WORK TO BE COMPLETED:
If a line in the entries below holds the string "assms", copy it.

GIVEN RECORDS:
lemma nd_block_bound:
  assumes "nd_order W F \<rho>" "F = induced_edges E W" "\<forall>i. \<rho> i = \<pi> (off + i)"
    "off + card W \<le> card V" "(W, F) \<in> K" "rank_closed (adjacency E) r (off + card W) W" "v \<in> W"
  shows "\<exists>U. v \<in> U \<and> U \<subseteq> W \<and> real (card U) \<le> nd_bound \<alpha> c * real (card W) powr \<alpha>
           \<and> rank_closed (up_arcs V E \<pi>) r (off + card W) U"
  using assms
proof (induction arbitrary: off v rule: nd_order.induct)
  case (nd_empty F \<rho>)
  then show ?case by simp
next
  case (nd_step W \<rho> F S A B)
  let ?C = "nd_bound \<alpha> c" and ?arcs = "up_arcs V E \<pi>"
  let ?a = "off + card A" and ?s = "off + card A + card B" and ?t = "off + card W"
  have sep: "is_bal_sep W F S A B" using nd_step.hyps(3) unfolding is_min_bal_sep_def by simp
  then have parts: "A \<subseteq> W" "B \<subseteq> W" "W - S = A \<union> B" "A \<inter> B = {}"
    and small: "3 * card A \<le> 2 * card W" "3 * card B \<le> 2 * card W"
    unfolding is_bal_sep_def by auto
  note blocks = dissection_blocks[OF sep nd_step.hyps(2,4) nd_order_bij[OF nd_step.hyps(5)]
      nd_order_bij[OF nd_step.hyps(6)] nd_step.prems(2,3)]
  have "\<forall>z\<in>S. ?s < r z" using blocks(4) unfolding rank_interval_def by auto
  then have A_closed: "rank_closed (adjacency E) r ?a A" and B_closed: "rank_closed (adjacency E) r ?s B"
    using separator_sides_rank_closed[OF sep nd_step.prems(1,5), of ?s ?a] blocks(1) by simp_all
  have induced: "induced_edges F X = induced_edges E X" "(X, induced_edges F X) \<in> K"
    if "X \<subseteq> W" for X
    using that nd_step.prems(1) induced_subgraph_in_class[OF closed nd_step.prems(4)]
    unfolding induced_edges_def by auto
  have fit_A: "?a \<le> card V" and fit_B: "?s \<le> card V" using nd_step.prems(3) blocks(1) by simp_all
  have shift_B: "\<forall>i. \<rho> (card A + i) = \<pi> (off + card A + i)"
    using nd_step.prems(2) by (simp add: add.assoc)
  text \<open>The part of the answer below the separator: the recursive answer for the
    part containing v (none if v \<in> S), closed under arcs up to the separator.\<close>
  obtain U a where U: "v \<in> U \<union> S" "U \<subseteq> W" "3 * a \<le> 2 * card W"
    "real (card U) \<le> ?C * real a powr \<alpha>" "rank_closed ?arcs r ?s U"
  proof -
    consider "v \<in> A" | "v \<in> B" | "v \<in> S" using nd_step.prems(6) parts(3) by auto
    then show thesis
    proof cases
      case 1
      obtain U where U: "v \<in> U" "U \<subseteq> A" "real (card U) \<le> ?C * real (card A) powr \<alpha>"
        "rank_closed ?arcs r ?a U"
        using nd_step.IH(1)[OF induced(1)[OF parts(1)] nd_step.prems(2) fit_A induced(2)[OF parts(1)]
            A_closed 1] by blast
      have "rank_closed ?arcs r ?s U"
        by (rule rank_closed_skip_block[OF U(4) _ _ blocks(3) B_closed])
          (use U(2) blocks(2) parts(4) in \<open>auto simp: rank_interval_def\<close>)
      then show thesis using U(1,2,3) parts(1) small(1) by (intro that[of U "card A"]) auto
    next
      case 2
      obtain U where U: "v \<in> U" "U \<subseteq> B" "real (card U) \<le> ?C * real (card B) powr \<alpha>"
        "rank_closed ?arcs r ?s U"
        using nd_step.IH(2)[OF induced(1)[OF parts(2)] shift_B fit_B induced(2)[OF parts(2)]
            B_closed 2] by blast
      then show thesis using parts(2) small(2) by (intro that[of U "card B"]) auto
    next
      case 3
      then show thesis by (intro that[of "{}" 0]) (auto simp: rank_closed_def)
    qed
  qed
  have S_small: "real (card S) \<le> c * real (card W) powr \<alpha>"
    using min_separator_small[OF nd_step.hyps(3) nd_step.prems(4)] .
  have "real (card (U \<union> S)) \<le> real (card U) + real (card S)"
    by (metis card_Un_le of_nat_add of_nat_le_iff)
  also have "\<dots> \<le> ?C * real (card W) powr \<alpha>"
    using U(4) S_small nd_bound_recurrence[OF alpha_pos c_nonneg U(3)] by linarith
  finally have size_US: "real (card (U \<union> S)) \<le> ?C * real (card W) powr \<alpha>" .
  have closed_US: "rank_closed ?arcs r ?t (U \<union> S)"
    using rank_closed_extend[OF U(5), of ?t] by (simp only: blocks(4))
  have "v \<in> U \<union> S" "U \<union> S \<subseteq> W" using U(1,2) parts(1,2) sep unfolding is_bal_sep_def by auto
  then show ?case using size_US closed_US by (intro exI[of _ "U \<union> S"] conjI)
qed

* * *

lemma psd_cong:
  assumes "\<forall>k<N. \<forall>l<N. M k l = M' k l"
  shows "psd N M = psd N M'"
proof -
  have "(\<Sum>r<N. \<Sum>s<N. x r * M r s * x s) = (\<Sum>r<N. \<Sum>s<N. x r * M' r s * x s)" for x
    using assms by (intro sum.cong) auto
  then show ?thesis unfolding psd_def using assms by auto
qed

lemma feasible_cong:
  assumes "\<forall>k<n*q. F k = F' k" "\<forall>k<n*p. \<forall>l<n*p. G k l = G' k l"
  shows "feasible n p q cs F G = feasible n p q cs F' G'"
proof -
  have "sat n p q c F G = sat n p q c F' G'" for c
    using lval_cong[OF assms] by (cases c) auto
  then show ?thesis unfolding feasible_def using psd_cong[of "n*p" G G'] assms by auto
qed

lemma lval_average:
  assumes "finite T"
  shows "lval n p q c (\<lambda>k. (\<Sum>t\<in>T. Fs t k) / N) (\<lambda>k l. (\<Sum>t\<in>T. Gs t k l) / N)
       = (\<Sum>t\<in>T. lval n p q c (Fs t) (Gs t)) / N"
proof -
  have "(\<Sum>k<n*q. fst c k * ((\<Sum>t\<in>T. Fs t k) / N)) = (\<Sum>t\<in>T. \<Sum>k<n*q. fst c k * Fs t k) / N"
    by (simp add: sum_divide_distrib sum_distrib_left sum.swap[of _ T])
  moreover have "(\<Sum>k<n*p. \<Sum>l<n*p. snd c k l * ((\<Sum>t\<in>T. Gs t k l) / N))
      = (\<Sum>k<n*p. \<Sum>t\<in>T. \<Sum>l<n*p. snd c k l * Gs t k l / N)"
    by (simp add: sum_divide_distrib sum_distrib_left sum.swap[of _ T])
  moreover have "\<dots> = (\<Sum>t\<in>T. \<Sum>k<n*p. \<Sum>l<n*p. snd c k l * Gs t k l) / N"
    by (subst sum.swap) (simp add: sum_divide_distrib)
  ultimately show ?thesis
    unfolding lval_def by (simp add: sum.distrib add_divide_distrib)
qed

==

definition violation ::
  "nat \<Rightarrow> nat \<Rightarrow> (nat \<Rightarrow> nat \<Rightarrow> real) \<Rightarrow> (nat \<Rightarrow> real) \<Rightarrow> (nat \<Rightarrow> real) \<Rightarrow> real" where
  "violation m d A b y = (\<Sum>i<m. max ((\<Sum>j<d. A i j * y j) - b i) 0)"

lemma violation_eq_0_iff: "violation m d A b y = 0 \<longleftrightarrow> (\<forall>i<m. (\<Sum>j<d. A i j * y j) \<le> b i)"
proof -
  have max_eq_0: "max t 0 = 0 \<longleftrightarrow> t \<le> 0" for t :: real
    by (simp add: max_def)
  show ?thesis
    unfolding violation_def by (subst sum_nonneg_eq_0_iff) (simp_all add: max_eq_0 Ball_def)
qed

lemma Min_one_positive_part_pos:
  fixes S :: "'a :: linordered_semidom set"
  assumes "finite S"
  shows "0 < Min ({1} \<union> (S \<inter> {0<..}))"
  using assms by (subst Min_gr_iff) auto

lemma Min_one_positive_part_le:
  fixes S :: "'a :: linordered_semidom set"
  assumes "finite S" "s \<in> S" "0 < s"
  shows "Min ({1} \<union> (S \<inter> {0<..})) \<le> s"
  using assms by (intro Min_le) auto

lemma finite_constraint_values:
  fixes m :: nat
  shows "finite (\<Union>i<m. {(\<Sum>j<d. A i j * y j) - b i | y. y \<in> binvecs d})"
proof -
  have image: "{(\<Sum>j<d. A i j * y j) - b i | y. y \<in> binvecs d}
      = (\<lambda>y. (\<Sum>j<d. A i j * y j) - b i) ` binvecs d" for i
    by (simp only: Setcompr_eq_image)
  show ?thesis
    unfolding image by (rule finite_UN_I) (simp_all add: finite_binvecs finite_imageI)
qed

EXERCISE SOLUTION:
  using assms
    using assms by (intro sum.cong) auto
  then show ?thesis unfolding psd_def using assms by auto
    using lval_cong[OF assms] by (cases c) auto
  then show ?thesis unfolding feasible_def using psd_cong[of "n*p" G G'] assms by auto
  using assms by (subst Min_gr_iff) auto
  using assms by (intro Min_le) auto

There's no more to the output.